Upland 1. The higher portions of a region, district, farm, etc. 2. The country in the interior.
It took a long time to get here. In October of 1994 I bought a big map, spread it on the floor, laid a yardstick across it, and drew a straight line from Vancouver, where I lived then, to southern California. I packed my car and followed that line as close as I could. On the sixth morning, October 12, I woke in a tent near San Jacinto and was on the road early. By late morning, driving south on highway 79, I came into country that opened wide and deep in golden curves. I was on my way somewhere else but I made a note. Sixteen years later, I was camping one weekend in September and looked in at a realty office across from the breakfast café. The realtor pulled up a Craigslist posting for this house. It turned out that I signed the lease on October 12.
Now I’m here and I’m not the young woman I was. I’m at the edge of an open space. It’s a perch, a shelf, a chance. It’s quite bare and lone. It’s not mine and I can’t stay long.
There is the land and there’s the house. There’s here and there’s then, there, other places with a similar meaning. There are my years. There’s what I know about the double of anything, darkly translucent to my right, the unsolid mythic double view.
Under the oak, cup of tea, sun in my eyes.
A notch to the southwest where with the field glasses I can see the towers of a city on the coast.
The furthest hill, palest blue, a bit of a rim, almost due south, in Mexico.
Oak lattice squirming in dawn breeze.
Whiffs of smoke from my chimney.
There’s Linda going to work in the pie shop.
Very small asters still blooming. Something yellow, a mustard? Little dark bird with a crest.
Wind sounding in the pines, especially in the pines.
The day is sublimely warm, a free mobile air.
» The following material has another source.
(* Let $\kappa>0$, $\epsilon>0$, and let $\theta_\epsilon$ be the phase function of a rescaled Néel wall. Then $\theta_\epsilon$ is smooth and: (i) $\theta_\epsilon(0)=0$, $\theta_\epsilon'\ge 0$ on $\mathbb{R}$, and $\theta_\epsilon'(0)>0$; (ii) $\theta_\epsilon'\in H^k(\mathbb{R})$ and $\cos\theta_\epsilon\in H^k(\mathbb{R})$ for all $k\in\mathbb{N}$; (iii) $-\frac{\pi}{2}\le\theta_\epsilon\le\frac{\pi}{2}$ and $\lim_{x\to\pm\infty}\theta_\epsilon(x)=\pm\frac{\pi}{2}$.
   Context: Fix $\kappa>0$, $\epsilon>0$. Let $\mathcal{S}_\epsilon[f]=\mathcal{F}^{-1}(\sigma_\epsilon\widehat f)$ with $\sigma_\epsilon(\xi)=1-\frac{1-e^{-\epsilon|\xi|}}{\epsilon|\xi|}$ and $\widehat u(\xi)=(2\pi)^{-1/2}\int e^{-ix\xi}u(x)\,dx$. A rescaled Néel wall is a minimizer $m_\epsilon=(m_1^\epsilon,m_2^\epsilon)$ of $E^\epsilon(m)=\kappa\int|m'|^2+\int m_1^2+\frac1\epsilon\int \mathcal{S}_\epsilon[m_1]m_1$ over the admissible set $\{m:\mathbb{R}\to S^1:\ m'\in L^2,\ m_1\in L^2,\ m_1(0)=1,\ \lim_{x\to\pm\infty}m_2(x)=\pm1\}$ (such minimizers exist). Standing facts used (from the literature): rescaled Néel walls are smooth weak solutions of the associated Euler–Lagrange equation, $m_1^\epsilon$ and $(m_2^\epsilon)'$ lie in $H^k$ for all $k$, and $m_1^\epsilon$ is nonnegative and symmetrically decreasing. The phase function $\theta_\epsilon:\mathbb{R}\to\mathbb{R}$ is the smooth function with $\theta_\epsilon(0)=0$ and $m_\epsilon=(\cos\theta_\epsilon,\sin\theta_\epsilon)$; it solves $\kappa\theta''+\frac12\sin(2\theta)+\frac1\epsilon\mathcal{S}_\epsilon[\cos\theta]\sin\theta=0$. *)

theory Defs
  imports "HOL-Analysis.Analysis"
begin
Here I am!
a type of lightly forested grassland … maintained historically through wildfires set by lightning or humans, grazing, low precipitation, and/or poor soil
Among hardwood trees, oaks are uniquely resistant to fire. … The two principal fuels of an oak savanna fire are grasses and oak leaves. Oak leaves contain flammable chemicals; in addition, oak leaves remain in curled positions on the forest floor, so that fire moves readily from one leaf to another.
Intact oak savannas are now one of the rarest plant communities on earth.
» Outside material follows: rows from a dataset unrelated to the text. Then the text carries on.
theorem lemma1p1:
  fixes M :: "'a measure" and Fs :: "nat \<Rightarrow> 'a measure" and r :: real
    and f :: "'a \<Rightarrow> real"
  assumes "prob_space M"
    and "\<And>k. subalgebra M (Fs k)"
    and "\<And>k. sets (Fs k) \<subseteq> sets (Fs (Suc k))"
    and "sets M = sigma_sets (space M) (\<Union>k. sets (Fs k))"
    and "0 < r" and "r < 1"
    and "f \<in> borel_measurable M"
  shows "(\<forall>lam::real. lam \<ge> 0 \<longrightarrow>
            measure M {x \<in> space M. max_percentile M Fs r f x > ereal lam}
              \<le> (1 / r) * measure M {x \<in> space M. \<bar>f x\<bar> > lam})
       \<and> (\<forall>p::real. p > 0 \<longrightarrow>
            (\<integral>\<^sup>+ x. ereal_abs_powr (max_percentile M Fs r f x) p \<partial>M)
              \<le> ennreal (1 / r) * (\<integral>\<^sup>+ x. ennreal (\<bar>f x\<bar> powr p) \<partial>M))"
proof -
  interpret prob_space M by fact
  have "measure M {x \<in> space M. max_percentile M Fs r f x > ereal lam}
      \<le> (1 / r) * measure M {x \<in> space M. \<bar>f x\<bar> > lam}" for lam
    using emeasure_max_percentile_greater_le[of M Fs r f lam, OF finite_measure_axioms assms(2,3,5,7)]
      \<open>0 < r\<close>
    by (simp add: emeasure_eq_measure ennreal_mult[symmetric] ennreal_le_iff)
  moreover have "(\<integral>\<^sup>+ x. ereal_abs_powr (max_percentile M Fs r f x) p \<partial>M)
      \<le> ennreal (1 / r) * (\<integral>\<^sup>+ x. ennreal (\<bar>f x\<bar> powr p) \<partial>M)" if "0 < p" for p
    by (rule nn_integral_max_percentile_powr_le[of M Fs r f p, OF finite_measure_axioms assms(2,3,5,6,7) that])
  ultimately show ?thesis
    by blast
qed

end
Most oaks of full tree size are more than one hundred years old. Few saplings survive because grazing cattle decimate them.
family of blue-leafed oaks … usually narrow, blunt, untoothed dull blue-green leaves
found only in Southern California
Mesa Grande and the Santa Ysabel Valley support the largest remaining expanse of Engelmann oak woodland habitat
Last night a bit before sunset we walked a ways past the cattleguard and sat on an edge of the asphalt to look down a shallow crease toward more slopes, more oaks, more rocks. The sun went down orange behind us.
It was here, under an oak. Rocks gently. The high back supports perfectly.
Twilight watch. I’m out on the iron chair and have just seen the new moon between fine branches.